I have the following data frame
I need to get the value of the column location in to a variable based on column name passed in. i.e. if the passed in name is 'xxx' I need the value 'India' in to a variable from the data frame.
Upvotes: 0
Views: 1491
Reputation: 342
If I really understand what you mean it's just a filter and select the corresponding value of location. The follow code are an example
import org.apache.spark.sql.catalyst.encoders.RowEncoder
import org.apache.spark.sql.{Row, SparkSession}
import org.apache.spark.sql.types.DataTypes._
import org.apache.spark.sql.types.{StructField, StructType}
import org.apache.spark.sql.functions.col
import org.scalatest.FunSuite
class FilterTest extends FunSuite {
test("filter test") {
val spark = SparkSession.builder()
.master("local")
.appName("filter test")
.getOrCreate()
val schema = StructType(
Seq(
StructField("name", StringType, true),
StructField("age", IntegerType, true),
StructField("location", StringType, true)
)
)
val data = Seq(
Row("XXX", 34, "India"),
Row("YYY", 42, "China"),
Row("ZZZ", 36, "America")
)
val dataset = spark.createDataset(data)(RowEncoder(schema))

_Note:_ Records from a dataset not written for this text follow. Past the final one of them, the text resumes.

text \<open>Since \<open>k (n - 1) \<equiv> -k (mod n)\<close>, the indices \<open>i + k (n - 1)\<close> for \<open>k < n\<close> run through all residues.\<close>

lemma sum_rotated_indices:
  fixes v :: "nat \<Rightarrow> 'a::comm_monoid_add"
  assumes "i < n"
  shows "(\<Sum>k<n. v ((i + k * (n - 1)) mod n)) = (\<Sum>j<n. v j)"
proof -
  define rot where "rot k = (i + k * (n - 1)) mod n" for k
  have "inj_on rot {..<n}"
  proof
    fix k l assume "k \<in> {..<n}" "l \<in> {..<n}" "rot k = rot l"
    then have "[k * (n - 1) = l * (n - 1)] (mod n)"
      unfolding rot_def by (simp add: cong_def[symmetric] cong_add_lcancel_nat)
    moreover have "coprime (n - 1) n" using assms by (intro coprime_diff_one_left_nat) simp
    ultimately have "[k = l] (mod n)"
      using cong_mult_rcancel_nat by blast
    then show "k = l"
      using \<open>k \<in> {..<n}\<close> \<open>l \<in> {..<n}\<close> by (simp add: cong_less_modulus_unique_nat)
  qed
  moreover have "rot ` {..<n} \<subseteq> {..<n}"
    using assms unfolding rot_def by auto
  ultimately have "rot ` {..<n} = {..<n}"
    by (intro endo_inj_surj) simp_all
  with sum.reindex[OF \<open>inj_on rot {..<n}\<close>, of v] show ?thesis
    unfolding rot_def by simp
qed
(* Let $n\in\omega$ and let $\mathcal{F}$ be a fully $\Delta$-capturing construction scheme of type $\langle m_k,n_{k+1},r_{k+1}\rangle_{k\in\omega}$ with $n_{k+1}\geq 2^{m_k}$ for all $k$. With $e_\alpha$ defined as in the context, the set $\mathbb{E}_e=\{e_\alpha:\alpha\in\omega_1\}\subseteq\mathbb{Z}^\omega$, ordered lexicographically, is $2n$-entangled.
   Context: Construction schemes: a type is a sequence $\langle m_k,n_{k+1},r_{k+1}\rangle_{k\in\omega}$ with $m_0=1$, $n_{k+1}\geq2$, $m_k>r_{k+1}$, $m_{k+1}=r_{k+1}+(m_k-r_{k+1})n_{k+1}$. A construction scheme of this type is a family $\mathcal{F}$ of nonempty finite subsets of $\omega_1$, cofinal under $\subseteq$, each member of size $m_k$ for some $k$, such that with $\mathcal{F}_k=\{F\in\mathcal{F}:|F|=m_k\}$: (i) for $E,F\in\mathcal{F}_k$, $E\cap F$ is an initial segment of $E$ and of $F$; (ii) each $F\in\mathcal{F}_{k+1}$ is $F_0\cup\dots\cup F_{n_{k+1}-1}$ with $F_i\in\mathcal{F}_k$ a $\Delta$-system with root $R(F)$, $|R(F)|=r_{k+1}$, $R(F)<F_0\setminus R(F)<\dots<F_{n_{k+1}-1}\setminus R(F)$. Let $\rho(\alpha,\beta)=\min\{k:\exists F\in\mathcal{F}_k\ \{\alpha,\beta\}\subseteq F\}$, $\|\alpha\|_k=|\{\xi<\alpha:\rho(\alpha,\xi)\leq k\}|$, $\Delta(\alpha,\beta)=$ least $k$ with $\|\alpha\|_k\ne\|\beta\|_k$. $\Xi_\alpha(0)=0$ and for $k\geq1$, for any $F\in\mathcal{F}_k$ containing $\alpha$, $\Xi_\alpha(k)=-1$ if $\alpha\in R(F)$, $=i$ if $\alpha\in F_i\setminus R(F)$. For finite $X\subseteq\omega_1$, $X(i)$ is its $i$-th element. $\langle D_j\rangle_{j<N}\subseteq[\omega_1]^m$ ($N\geq2$) is $\Delta$-captured at level $l$ if it is a $\Delta$-system with root $R$ of size $r$, $R<D_j\setminus R$, tails pairwise $<$-comparable, $\Xi_{D_j(a)}(l)=-1$ for $a<r$ and $=j$ for $a\geq r$, and $\Delta(D_i(a),D_j(a))=l$ for $i\neq j$, $r\leq a<m$. $\mathcal{F}$ is fully $\Delta$-capturing if for every uncountable family $\mathcal{S}$ of finite subsets of $\omega_1$ there are infinitely many $l$ such that some $n_l$ members of $\mathcal{S}$ can be enumerated as a family $\Delta$-captured at level $l$. The functions: for each $k$, let $\langle C^k_i\rangle_{0<i<n_{k+1}}$ enumerate (possibly with repetitions) the set $[m_k\setminus r_{k+1}]^{\leq n}$ of subsets of $m_k\setminus r_{k+1}$ of size at most $n$. For $\alpha<\omega_1$ define $e_\alpha:\omega\to\mathbb{Z}$ by: $e_\alpha(k)=0$ if $\Xi_\alpha(k)\leq0$; $e_\alpha(k)=\Xi_\alpha(k)$ if $\Xi_\alpha(k)>0$ and $\|\alpha\|_{k-1}\in C^{k-1}_{\Xi_\alpha(k)}$; $e_\alpha(k)=\Xi_\alpha(k)$ if $\Xi_\alpha(k)>0$, $|C^{k-1}_{\Xi_\alpha(k)}|=n$ and $\|\alpha\|_{k-1}<\min C^{k-1}_{\Xi_\alpha(k)}$; $e_\alpha(k)=-\Xi_\alpha(k)$ otherwise. $\mathbb{Z}^\omega$ is ordered by $f<_{lex}g$ iff $f(k)<g(k)$ for the least $k$ with $f(k)\neq g(k)$. For a linear order, an uncountable subset $\mathbb{E}$ is $k$-entangled if for every $\tau:k\to2$ and every uncountable family $\mathcal{A}\subseteq[\mathbb{E}]^k$ of pairwise disjoint sets there are distinct $a,b\in\mathcal{A}$ with $a(i)<b(i)\iff\tau(i)=0$ for all $i<k$. *)

theory Defs
  imports Main "HOL-Library.Countable_Set"
begin
(* Let $G$ and $H$ be groups, $\Psi\colon G\to\operatorname{Aut}H$ a group homomorphism (written $g\mapsto\Psi_g$), and let $B\colon H\to G$ be a relative Rota--Baxter operator on $H$ with respect to $(G,\Psi)$. Let $H\rtimes_\Psi G$ be the semi-direct product. Then the map $$B'\colon H\rtimes_\Psi G\to H\rtimes_\Psi G,\qquad B'((h,a))=(e,\,a^{-1}B(h)),\quad h\in H,\ a\in G,$$ is a Rota--Baxter operator (of weight $1$) on $H\rtimes_\Psi G$.
   Context: A relative Rota--Baxter operator on $H$ with respect to $(G,\Psi)$ is a map $B\colon H\to G$ with $B(h)B(k)=B(h\Psi_{B(h)}(k))$ for all $h,k\in H$. The semi-direct product $H\rtimes_\Psi G$ is the set $H\times G$ with multiplication $(h,a)(k,b)=(h\Psi_a(k),ab)$; $e$ denotes the identity of $H$. A Rota--Baxter operator (of weight $1$) on a group $K$ is a map $R\colon K\to K$ with $R(u)R(v)=R(uR(u)vR(u)^{-1})$ for all $u,v\in K$. *)

theory Defs
  imports "HOL-Algebra.Algebra"
begin

definition relative_RB ::
  "('g, 'm) monoid_scheme \<Rightarrow> ('h, 'n) monoid_scheme \<Rightarrow> ('g \<Rightarrow> 'h \<Rightarrow> 'h) \<Rightarrow> ('h \<Rightarrow> 'g) \<Rightarrow> bool"
  where "relative_RB G H Psi B \<longleftrightarrow>
     B \<in> carrier H \<rightarrow> carrier G \<and>
     (\<forall>h\<in>carrier H. \<forall>k\<in>carrier H.
        B h \<otimes>\<^bsub>G\<^esub> B k = B (h \<otimes>\<^bsub>H\<^esub> Psi (B h) k))"

definition semidirect ::
  "('h, 'n) monoid_scheme \<Rightarrow> ('g, 'm) monoid_scheme \<Rightarrow> ('g \<Rightarrow> 'h \<Rightarrow> 'h) \<Rightarrow> ('h \<times> 'g) monoid"
  where "semidirect H G Psi =
     \<lparr>carrier = carrier H \<times> carrier G,
      monoid.mult = (\<lambda>(h, a) (k, b). (h \<otimes>\<^bsub>H\<^esub> Psi a k, a \<otimes>\<^bsub>G\<^esub> b)),
      one = (\<one>\<^bsub>H\<^esub>, \<one>\<^bsub>G\<^esub>)\<rparr>"

definition RB_operator :: "('k, 'n) monoid_scheme \<Rightarrow> ('k \<Rightarrow> 'k) \<Rightarrow> bool"
  where "RB_operator K R \<longleftrightarrow>
     R \<in> carrier K \<rightarrow> carrier K \<and>
     (\<forall>u\<in>carrier K. \<forall>v\<in>carrier K.
        R u \<otimes>\<^bsub>K\<^esub> R v =
        R (u \<otimes>\<^bsub>K\<^esub> R u \<otimes>\<^bsub>K\<^esub> v \<otimes>\<^bsub>K\<^esub> inv\<^bsub>K\<^esub> (R u)))"

end

(* Write R for B' and, for u = (h, a), put c = a^-1 B(h). Then u R(u) = (h, B(h)),
   so for v = (k, b) we get u R(u) v R(u)^-1 = (h Psi_B(h)(k), B(h) b c^-1). The
   relative Rota--Baxter identity rewrites B(h Psi_B(h)(k)) as B(h) B(k), and the
   B(h) cancels, leaving (e, c b^-1 B(k)) = R(u) R(v). *)

theory Submission
  imports Defs
begin

locale automorphism_action = G: group G + H: group H
  for G :: "('g, 'm) monoid_scheme" and H :: "('h, 'n) monoid_scheme" +
  fixes Psi :: "'g \<Rightarrow> 'h \<Rightarrow> 'h"
  assumes Psi_hom: "Psi \<in> hom G (AutoGroup H)"
begin

lemma Psi_auto: "a \<in> carrier G \<Longrightarrow> Psi a \<in> auto H"
  using Psi_hom by (auto simp: hom_def AutoGroup_def)

lemma Psi_hom_H: "a \<in> carrier G \<Longrightarrow> Psi a \<in> hom H H"
  using Psi_auto by (simp add: auto_def)

lemma Psi_closed [simp]: "a \<in> carrier G \<Longrightarrow> x \<in> carrier H \<Longrightarrow> Psi a x \<in> carrier H"
  using Psi_hom_H by (auto simp: hom_def)

lemma Psi_mult [simp]:
  "a \<in> carrier G \<Longrightarrow> x \<in> carrier H \<Longrightarrow> y \<in> carrier H \<Longrightarrow>
    Psi a (x \<otimes>\<^bsub>H\<^esub> y) = Psi a x \<otimes>\<^bsub>H\<^esub> Psi a y"
  using Psi_hom_H by (simp add: hom_mult)

lemma Psi_one [simp]: "a \<in> carrier G \<Longrightarrow> Psi a \<one>\<^bsub>H\<^esub> = \<one>\<^bsub>H\<^esub>"
  using Psi_hom_H H.group_axioms by (simp add: group_hom.hom_one group_hom_axioms.intro group_hom_def)

lemma Psi_compose:
  assumes "a \<in> carrier G" "b \<in> carrier G" "x \<in> carrier H"
  shows "Psi (a \<otimes>\<^bsub>G\<^esub> b) x = Psi a (Psi b x)"
proof -
  have "Psi (a \<otimes>\<^bsub>G\<^esub> b) = compose (carrier H) (Psi a) (Psi b)"
    using Psi_hom assms Psi_auto by (simp add: hom_mult AutoGroup_def BijGroup_def auto_def)
  with assms show ?thesis by (simp add: compose_def)
qed

lemma Psi_one_apply [simp]: "x \<in> carrier H \<Longrightarrow> Psi \<one>\<^bsub>G\<^esub> x = x"
proof -
  have "group_hom G (AutoGroup H) Psi"
    using Psi_hom H.AutoGroup by (simp add: group_hom_def group_hom_axioms_def G.group_axioms)
  then have "Psi \<one>\<^bsub>G\<^esub> = (\<lambda>x \<in> carrier H. x)"
    by (simp add: group_hom.hom_one AutoGroup_def BijGroup_def)
  then show "x \<in> carrier H \<Longrightarrow> Psi \<one>\<^bsub>G\<^esub> x = x" by simp
qed

abbreviation SD where "SD \<equiv> semidirect H G Psi"

lemma carrier_semidirect [simp]: "carrier SD = carrier H \<times> carrier G"
  by (simp add: semidirect_def)

lemma one_semidirect [simp]: "\<one>\<^bsub>SD\<^esub> = (\<one>\<^bsub>H\<^esub>, \<one>\<^bsub>G\<^esub>)"
  by (simp add: semidirect_def)

lemma mult_semidirect [simp]:
  "(h, a) \<otimes>\<^bsub>SD\<^esub> (k, b) = (h \<otimes>\<^bsub>H\<^esub> Psi a k, a \<otimes>\<^bsub>G\<^esub> b)"
  by (simp add: semidirect_def)

lemma semidirect_l_inv:
  assumes "h \<in> carrier H" "a \<in> carrier G"
  shows "(Psi (inv\<^bsub>G\<^esub> a) (inv\<^bsub>H\<^esub> h), inv\<^bsub>G\<^esub> a) \<otimes>\<^bsub>SD\<^esub> (h, a) = \<one>\<^bsub>SD\<^esub>"
  using assms by (simp flip: Psi_mult)

lemma group_semidirect: "group SD"
proof (rule groupI)
  fix u v w assume "u \<in> carrier SD" "v \<in> carrier SD" "w \<in> carrier SD"
  then show "u \<otimes>\<^bsub>SD\<^esub> v \<otimes>\<^bsub>SD\<^esub> w = u \<otimes>\<^bsub>SD\<^esub> (v \<otimes>\<^bsub>SD\<^esub> w)"
    by (auto simp: Psi_compose H.m_assoc G.m_assoc)
next
  fix u assume "u \<in> carrier SD"
  then show "\<exists>v \<in> carrier SD. v \<otimes>\<^bsub>SD\<^esub> u = \<one>\<^bsub>SD\<^esub>"
    using semidirect_l_inv by (cases u) (fastforce simp del: mult_semidirect one_semidirect)
qed auto

lemma inv_semidirect:
  assumes "h \<in> carrier H" "a \<in> carrier G"
  shows "inv\<^bsub>SD\<^esub> (h, a) = (Psi (inv\<^bsub>G\<^esub> a) (inv\<^bsub>H\<^esub> h), inv\<^bsub>G\<^esub> a)"
  using group.inv_equality[OF group_semidirect semidirect_l_inv[OF assms]] assms by simp

lemma RB_operator_semidirect:
  assumes B: "relative_RB G H Psi B"
  shows "RB_operator SD (\<lambda>(h, a). (\<one>\<^bsub>H\<^esub>, inv\<^bsub>G\<^esub> a \<otimes>\<^bsub>G\<^esub> B h))"
    (is "RB_operator SD ?R")
proof -
  have B_closed: "B h \<in> carrier G" if "h \<in> carrier H" for h
    using B that by (auto simp: relative_RB_def)
  have B_mult: "B h \<otimes>\<^bsub>G\<^esub> B k = B (h \<otimes>\<^bsub>H\<^esub> Psi (B h) k)"
    if "h \<in> carrier H" "k \<in> carrier H" for h k
    using B that by (auto simp: relative_RB_def)
  show ?thesis
    unfolding RB_operator_def
  proof (intro conjI ballI)
    show "?R \<in> carrier SD \<rightarrow> carrier SD"
      using B_closed by auto
  next
    fix u v assume "u \<in> carrier SD" "v \<in> carrier SD"
    then obtain h a k b where u: "u = (h, a)" and v: "v = (k, b)"
      and h: "h \<in> carrier H" and a: "a \<in> carrier G"
      and k: "k \<in> carrier H" and b: "b \<in> carrier G"
      by auto
    define c where "c = inv\<^bsub>G\<^esub> a \<otimes>\<^bsub>G\<^esub> B h"
    have c: "c \<in> carrier G"
      using a h B_closed by (simp add: c_def)
    have Ru: "?R u = (\<one>\<^bsub>H\<^esub>, c)"
      by (simp add: u c_def)
    have "u \<otimes>\<^bsub>SD\<^esub> ?R u = (h, B h)"
      using a h B_closed by (simp add: Ru u c_def G.m_assoc [symmetric])
    then have "u \<otimes>\<^bsub>SD\<^esub> ?R u \<otimes>\<^bsub>SD\<^esub> v \<otimes>\<^bsub>SD\<^esub> inv\<^bsub>SD\<^esub> (?R u)
        = (h \<otimes>\<^bsub>H\<^esub> Psi (B h) k, B h \<otimes>\<^bsub>G\<^esub> b \<otimes>\<^bsub>G\<^esub> inv\<^bsub>G\<^esub> c)"
      using h k b c B_closed by (simp add: Ru v inv_semidirect)
    then have "?R (u \<otimes>\<^bsub>SD\<^esub> ?R u \<otimes>\<^bsub>SD\<^esub> v \<otimes>\<^bsub>SD\<^esub> inv\<^bsub>SD\<^esub> (?R u))
        = (\<one>\<^bsub>H\<^esub>, inv\<^bsub>G\<^esub> (B h \<otimes>\<^bsub>G\<^esub> b \<otimes>\<^bsub>G\<^esub> inv\<^bsub>G\<^esub> c) \<otimes>\<^bsub>G\<^esub> (B h \<otimes>\<^bsub>G\<^esub> B k))"
      by (simp add: B_mult h k)
    also have "\<dots> = (\<one>\<^bsub>H\<^esub>, c \<otimes>\<^bsub>G\<^esub> (inv\<^bsub>G\<^esub> b \<otimes>\<^bsub>G\<^esub> B k))"
      using B_closed h k b c
      by (simp add: G.inv_mult_group G.m_assoc flip: G.m_assoc [of "inv\<^bsub>G\<^esub> B h" "B h"])
    also have "\<dots> = ?R u \<otimes>\<^bsub>SD\<^esub> ?R v"
      using c by (simp add: Ru v)
    finally show "?R u \<otimes>\<^bsub>SD\<^esub> ?R v
        = ?R (u \<otimes>\<^bsub>SD\<^esub> ?R u \<otimes>\<^bsub>SD\<^esub> v \<otimes>\<^bsub>SD\<^esub> inv\<^bsub>SD\<^esub> (?R u))" ..
  qed
qed

end

theorem proposition3p1:
  fixes G :: "('g, 'm) monoid_scheme" and H :: "('h, 'n) monoid_scheme"
    and Psi :: "'g \<Rightarrow> 'h \<Rightarrow> 'h" and B :: "'h \<Rightarrow> 'g"
  assumes "group G" and "group H"
    and "Psi \<in> hom G (AutoGroup H)"
    and "relative_RB G H Psi B"
  shows "RB_operator (semidirect H G Psi)
           (\<lambda>(h, a). (\<one>\<^bsub>H\<^esub>, inv\<^bsub>G\<^esub> a \<otimes>\<^bsub>G\<^esub> B h))"
proof -
  interpret automorphism_action G H Psi
    using assms(1-3) by (simp add: automorphism_action_def automorphism_action_axioms_def)
  show ?thesis
    using assms(4) by (rule RB_operator_semidirect)
qed

end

val value = dataset.filter(col("name") === "XXX").first().getAs[String]("location")
assert(value == "India")
}
}
Upvotes: 1
Reputation: 1812
You can use filter to get row where column name value is xxx. Once you have row you can display any column of that row.
var filteredRows = dataFrame.filter(row => {
row.get(0).equals("XXX")
})
filteredRows.rdd.first().get(2)
Upvotes: 0
Reputation: 561
Assuming, the value that is passed is unique to the dataframe otherwise multiple rows will be returned and you've to handle other way. Here is the way how you can solve it:
scala> import spark.implicits._
import spark.implicits._
scala> val df = Seq(("XXX",34, "India"), ("YYY", 42, "China"), ("ZZZ", 36, "America")).toDF("name", "age", "location")
scala> df.show()
+----+---+--------+
|name|age|location|
+----+---+--------+
| XXX| 34| India|
| YYY| 42| China|
| ZZZ| 36| America|
+----+---+--------+
scala> val input = "XXX"
input: String = XXX
scala> val location = df.filter(s"name = '$input'").select("location").collect()(0).getString(0)
location: String = India
Hopefully that will solve your requirement....
Upvotes: 0